Gibson, Elizabeth A., Junhui Zhang, Jingkai Yan, Lawrence Chillrud, Jaime Benavides, Yanelli Nunez, Julie B. Herbstman, Jeff Goldsmith, John Wright, and Marianthi-Anna Kioumourtzoglou. “Principal component pursuit for pattern identification in environmental mixtures.” Environmental Health Perspectives 130, no. 11 (2022): 117008.

Tao, Rachel H., Lawrence G. Chillrud, Yanelli Nunez, Sebastian T. Rowland, Amelia K. Boehme, Jingkai Yan, Jeff Goldsmith, John Wright, and Marianthi-Anna Kioumourtzoglou. “Applying principal component pursuit to investigate the association between source-specific fine particulate matter and myocardial infarction hospitalizations in New York City.” Environmental Epidemiology 7 (2), (2023).
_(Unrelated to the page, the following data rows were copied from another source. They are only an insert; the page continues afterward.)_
(* For every composite positive integer $n$ the following are equivalent: (i) $n$ is a Gaussian Carmichael number; (ii) $\Lambda(n)$ divides $\mathcal{F}(n)$; (iii) for every prime divisor $p$ of $n$, $\mathcal{F}(p)$ divides $\mathcal{F}(n)$, and one of the following holds: (a) $n$ is odd and square-free; (b) $4\mid n$ and $n/4\in\{2,3,5\}$ or $n/4$ is not a prime.
   Context: For a positive integer $n$, $\mathcal{G}_n=\{a+bi\in\mathbb{Z}[i]/n\mathbb{Z}[i] : a^2+b^2\equiv 1\pmod n\}$ (a multiplicative group), and $\Lambda(n)$ is the exponent of $\mathcal{G}_n$. The function $\mathcal{F}$ is defined by $\mathcal{F}(n)=n-1$ if $n\equiv 1\pmod 4$, $\mathcal{F}(n)=n+1$ if $n\equiv 3 \pmod 4$, $\mathcal{F}(n)=n$ otherwise. A composite integer $n$ is a Gaussian Fermat pseudoprime to base $z\in\mathbb{Z}[i]$ if $\gcd(n,z\overline{z})=1$ and $(z/\overline{z})^{\mathcal{F}(n)}\equiv 1\pmod n$ in $\mathbb{Z}[i]/n\mathbb{Z}[i]$. A composite $n$ is a Gaussian Carmichael number if it is a Gaussian Fermat pseudoprime to base $z$ for every $z\in\mathbb{Z}[i]$ with $\gcd(n,z\overline{z})=1$. *)

theory Defs
  imports "HOL-Number_Theory.Number_Theory" "HOL-Computational_Algebra.Squarefree"
begin

text \<open>Gaussian integers a + b i are represented as pairs (a, b) of integers.\<close>

type_synonym gint = "int \<times> int"
(* Let $f$ satisfy the standing assumptions below, and for $\xi,u_3\in(0,1)$ define $$G_0(\xi,u_3)=\frac{1}{4\sqrt2}\int_{-1}^{1}f'\!\left(\frac{1-\mu}{2}u_3+\frac{1+\mu}{2}\xi\right)\sqrt{1-\mu}\,d\mu,\qquad V_0(\xi,u_3)=\frac{4}{15}\xi+\frac25u_3 .$$ Then, for $u_3$ sufficiently close to $0$, the minimization problem $\min_{0<\xi<1}\left[-G_0(\xi,u_3)/V_0(\xi,u_3)\right]$ has one and only one critical point in $(0,1)$, and hence one and only one minimizing point. Furthermore, this critical point tends to $1$ as $u_3\to0$.
   Context: Standing assumptions: $f:(0,1)\to\mathbb{R}$ is the inverse of a smooth strictly decreasing function $u_0:\mathbb{R}\to(0,1)$ with $u_0(-\infty)=1$, $u_0(+\infty)=0$; thus $f$ is smooth with $f'<0$, $\lim_{u\to0}f(u)=+\infty$, $\lim_{u\to1}f(u)=-\infty$; moreover $f'''(u)<0$ for $u$ in a neighborhood of $0$ and in a neighborhood of $1$. *)

theory Defs
  imports "HOL-Analysis.Analysis"
begin

definition smooth_on :: "real set \<Rightarrow> (real \<Rightarrow> real) \<Rightarrow> bool" where
  "smooth_on S g \<longleftrightarrow> (\<forall>n. \<forall>x\<in>S. ((deriv ^^ n) g) differentiable (at x))"

definition standing_f :: "(real \<Rightarrow> real) \<Rightarrow> bool" where
  "standing_f f \<longleftrightarrow>
     (\<exists>u0 :: real \<Rightarrow> real.
        smooth_on UNIV u0
      \<and> (\<forall>x y. x < y \<longrightarrow> u0 y < u0 x)
      \<and> (\<forall>x. u0 x \<in> {0<..<1})
      \<and> (u0 \<longlongrightarrow> 1) at_bot \<and> (u0 \<longlongrightarrow> 0) at_top
      \<and> (\<forall>x. f (u0 x) = x) \<and> (\<forall>u\<in>{0<..<1}. u0 (f u) = u))
   \<and> smooth_on {0<..<1} f
   \<and> (\<forall>u\<in>{0<..<1}. deriv f u < 0)
   \<and> filterlim f at_top (at_right 0)
   \<and> filterlim f at_bot (at_left 1)
   \<and> (\<exists>d>0. \<forall>u\<in>{0<..<d}. (deriv ^^ 3) f u < 0)
   \<and> (\<exists>d>0. \<forall>u\<in>{1-d<..<1}. (deriv ^^ 3) f u < 0)"
lemma min_col_sum_growth_rate:
  "\<exists>lam. AE \<theta> in \<nu>. (\<lambda>n. ln (min_col_sum (word_prod B \<theta> n)) / n) \<longlonglongrightarrow> lam"
proof -
  have "\<exists>c. AE \<theta> in \<nu>. (\<lambda>n. ln (inverse (min_col_sum (word_prod B \<theta> n))) / n) \<longlonglongrightarrow> c"
  proof (rule kingman_submultiplicative[where F = "\<lambda>n \<theta>. inverse (min_col_sum (word_prod B \<theta> n))"
        and u = "\<lambda>\<theta>. - ln (min_col_sum (B (\<theta> 0)))"
        and l = "\<lambda>\<theta>. - ln (max_col_sum (B (\<theta> 0)))"])
    show "inverse (min_col_sum (word_prod B \<theta> (n + m)))
        \<le> inverse (min_col_sum (word_prod B \<theta> n)) * inverse (min_col_sum (word_prod B ((shift ^^ n) \<theta>) m))"
      for n m \<theta>
    proof -
      have "min_col_sum (word_prod B \<theta> n) * min_col_sum (word_prod B ((shift ^^ n) \<theta>) m)
          \<le> min_col_sum (word_prod B \<theta> (n + m))"
        unfolding word_prod_shift_add by (intro min_col_sum_mult nonneg_mat_word_prod nonneg_mat_B)
      then show ?thesis
        using min_col_sum_word_prod_pos
        by (simp add: le_imp_inverse_le mult_pos_pos flip: inverse_mult_distrib)
    qed
    show "birkhoff_sum n (\<lambda>\<theta>. - ln (max_col_sum (B (\<theta> 0)))) \<theta>
        \<le> ln (inverse (min_col_sum (word_prod B \<theta> n)))" for n \<theta>
      using ln_min_col_sum_le_sum[of \<theta> n]
        birkhoff_sum_first_coordinate[of n "\<lambda>i. - ln (max_col_sum (B i))" \<theta>]
      by (simp add: ln_inverse sum_negf)
  qed (simp_all add: min_col_sum_word_prod_pos ln_inverse
      integrable_ln_max_col_sum integrable_ln_min_col_sum)
  then obtain c where "AE \<theta> in \<nu>. (\<lambda>n. ln (inverse (min_col_sum (word_prod B \<theta> n))) / n) \<longlonglongrightarrow> c"
    by blast
  then have "AE \<theta> in \<nu>. (\<lambda>n. ln (min_col_sum (word_prod B \<theta> n)) / n) \<longlonglongrightarrow> - c"
    by eventually_elim (simp add: ln_inverse tendsto_minus_cancel_left)
  then show ?thesis
    by blast
qed
(* Let $C_{sp}(E)$ be as in the context, let $\Delta_n\ge0$ be constants and $c_n$ bounded functions, $n\in\mathbb{N}_0$, and let $T_n:C_{sp}(E)\to C_{sp}(E)$ be operators such that (i) $\|T_nv_1-T_nv_2\|_{sp}\le\Delta_n\|v_1-v_2\|_{sp}$ for all $v_1,v_2\in C_{sp}(E)$; (ii) $\|T_n0\|_{sp}\le\|c_n\|_{sp}$; (iii) for each $n$, $\lim_{k\to\infty}\Delta_n\Delta_{n+1}\cdots\Delta_{n+k}=0$; (iv) $R_n:=\|c_n\|_{sp}+\sum_{i=0}^\infty\Delta_n\cdots\Delta_{n+i}\|c_{n+i+1}\|_{sp}<\infty$ for each $n$. Then there is a sequence $w_n\in C_{sp}(E)$ with $\|T_nw_{n+1}-w_n\|_{sp}=0$ for $n=0,1,\ldots$. Moreover $\|w_n\|_{sp}\le R_n$ and for all $n$ and $k\ge1$ $$\|T_nT_{n+1}\cdots T_{n+k-1}0-w_n\|_{sp}\le\Delta_n\cdots\Delta_{n+k-1}\|w_{n+k}\|_{sp}.$$ Furthermore, when $\sup_n\|w_n\|_{sp}<\infty$, the $w_n$ are unique up to an additive constant, in the sense that any sequence $\tilde w_n\in C_{sp}(E)$ with $\|T_n\tilde w_{n+1}-\tilde w_n\|_{sp}=0$ for all $n$ and $\sup_n\|\tilde w_n\|_{sp}<\infty$ satisfies $\|\tilde w_n-w_n\|_{sp}=0$ for all $n$.
   Context: $E$ is a complete separable metric space, $U$ a set, $C(E)$ the bounded continuous real functions on $E$. The span seminorm is $\|v\|_{sp}=\sup_{x,x'\in E}(v(x)-v(x'))$; $C_{sp}(E)$ is the quotient of $C(E)$ by the relation $v_1\equiv v_2$ iff $\|v_1-v_2\|_{sp}=0$ (i.e. modulo constants), normed by $\|\cdot\|_{sp}$. For a bounded $c_n:E\times U\to\mathbb{R}$, $\|c_n\|_{sp}=\sup_{x,x'\in E}\sup_{a,a'\in U}(c_n(x,a)-c_n(x',a'))$. *)

theory Defs
  imports "HOL-Analysis.Analysis"
begin

text \<open>Span seminorm on bounded continuous functions C(E).  C_sp(E) is represented
  by C(E) with all statements made modulo the seminorm (equality in C_sp means
  span seminorm of the difference is 0).\<close>
definition sp_norm :: "('e::metric_space \<Rightarrow>\<^sub>C real) \<Rightarrow> real" where
  "sp_norm v = (SUP p. apply_bcontfun v (fst p) - apply_bcontfun v (snd p))"

definition sp_cost :: "('e \<Rightarrow> 'u \<Rightarrow> real) \<Rightarrow> real" where
  "sp_cost c = (SUP p. c (fst (fst p)) (snd (fst p)) - c (fst (snd p)) (snd (snd p)))"

fun iter_T :: "(nat \<Rightarrow> 'a \<Rightarrow> 'a) \<Rightarrow> nat \<Rightarrow> nat \<Rightarrow> 'a \<Rightarrow> 'a" where
  "iter_T T n 0 v = v"
| "iter_T T n (Suc k) v = T n (iter_T T (Suc n) k v)"

end

theory Submission
  imports Defs
begin
(* Let $A$ be a dg algebra over a commutative ring $k$. Any cohesive $A$-module is a retract of a free cohesive $A$-module.
   Context: For a dg object $M$, $M^\#$ denotes its underlying graded object. A right dg $A$-module $M$ is cohesive if $M^\#\cong E\otimes_{A^0}A^\#$ for a graded right $A^0$-module $E$ that is bounded and projective and finitely generated in every degree; it is a free cohesive module if moreover $E$ can be chosen free of finite rank in every degree (equivalently $M^\#$ is a free $A^\#$-module of finite rank). Retract means retract in the category of right dg $A$-modules. *)

theory Defs
  imports Main "HOL-Library.Multiset" "HOL-Library.Function_Algebras"
begin

text \<open>A graded abelian group is a family of additive subgroups G n (n :: int) of an
ambient abelian group whose sum is direct.  All structure maps are only required/used on
homogeneous elements.\<close>

definition subgrp :: "'g::ab_group_add set \<Rightarrow> bool" where
  "subgrp S \<longleftrightarrow> 0 \<in> S \<and> (\<forall>x\<in>S. \<forall>y\<in>S. x + y \<in> S \<and> - x \<in> S)"

definition grade_indep :: "(int \<Rightarrow> 'g::ab_group_add set) \<Rightarrow> bool" where
  "grade_indep G \<longleftrightarrow> (\<forall>S c. finite S \<longrightarrow> (\<forall>n\<in>S. c n \<in> G n) \<longrightarrow> sum c S = 0
       \<longrightarrow> (\<forall>n\<in>S. c n = 0))"
(* Fix $\lambda>0$ and Lipschitz functions $\phi,\phi_1,\phi_2:\mathbb R\to\mathbb R$ bounded from below. Then $\mathcal M^\lambda\phi$ is $L_l$-Lipschitz and $$\mathcal M^\lambda\phi(x)=-\lambda\log\mathbb E_{\zeta\sim\Phi_x}\big[e^{-(\phi(x+\zeta)+l(\zeta))/\lambda}\big],\quad x\in\mathbb R.$$ Moreover, there exist $\kappa_1,\kappa_2>0$ such that, with $\delta_t:=2\kappa_1e^{-\kappa_2t^2}$, for each $x\in\mathbb R$ the probability measure $\mu_x$ defined by $\frac{d\mu_x}{d\Phi_x}(\xi)\propto e^{-(\phi(x+\xi)+l(\xi))/\lambda}$ satisfies $\mathbb P(|x+\xi|>t)\le\delta_t$ for all $t\ge0$ when $\xi\sim\mu_x$, and $$\mathcal M^\lambda\phi(x)=\mathbb E_{\xi\sim\mu_x}[\phi(x+\xi)+l(\xi)]+\lambda D_{KL}(\mu_x\|\Phi_x).$$ Furthermore, for every $R>0$ there is $\mathscr E_R>0$ with $\lim_{R\to\infty}\mathscr E_R=0$ such that $\|\mathcal M^\lambda\phi_1-\mathcal M^\lambda\phi_2\|_{L^\infty(\mathbb R)}\le\|\phi_1-\phi_2\|_{L^\infty([-R,R])}+\mathscr E_R$.
   Context: Let $l:\mathbb R\to\mathbb R$ satisfy: there is $K>0$ with $\inf l=l(0)=K$ and $l(x)+l(y)\ge l(x+y)+K$ for all $x,y$; $l(\xi)\to+\infty$ as $|\xi|\to\infty$; $l$ is $L_l$-Lipschitz for some $L_l>0$. For $x\in\mathbb R$, $\Phi_x=\mathcal N(-x,1)$. For $\lambda>0$ and $\phi$ bounded below, $\mathcal M^\lambda\phi(x)=\inf\{\int_{\mathbb R}(\phi(x+\xi)+l(\xi))\mu(d\xi)+\lambda D_{KL}(\mu\|\Phi_x)\}$, infimum over probability measures $\mu\ll\Phi_x$, with $D_{KL}(\mu\|\Phi_x)=\int\frac{d\mu}{d\Phi_x}\log\frac{d\mu}{d\Phi_x}\,d\Phi_x$. *)

theory Defs
  imports "HOL-Probability.Probability"
begin

definition Phi :: "real \<Rightarrow> real measure" where
  "Phi x = density lborel (normal_density (-x) 1)"

text \<open>Extended-real integral, used only for integrands bounded below on probability
  spaces: equals the Lebesgue integral when integrable and +infinity otherwise.\<close>
definition ext_int :: "real measure \<Rightarrow> (real \<Rightarrow> real) \<Rightarrow> ereal" where
  "ext_int M g = (if integrable M g then ereal (integral\<^sup>L M g) else \<infinity>)"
Wu, Haotian, Vrinda Kalia, Katherine E. Manz, Lawrence Chillrud, Nathalie Hoffmann Dishon, Gabriela L. Jackson, Christian K. Dye, Raoul Orvieto, Adva Aizer, Hagai Levine, Marianthi-Anna Kioumourtzoglou, Kurt D. Pennell, Andrea A. Baccarelli, and Ronit Machtinger. “Exposome Profiling of Environmental Pollutants in Seminal Plasma and Novel Associations with Semen Parameters.” Environmental Science & Technology, 58 (31), (2024): 13594-13604.

Benavides, Jaime, Sabah Usmani, Vijay Kumar, and Marianthi-Anna Kioumourtzoglou. “Development of a community severance index for urban areas in the United States: A case study in New York City.” Environment International, 185, (2024): 108526.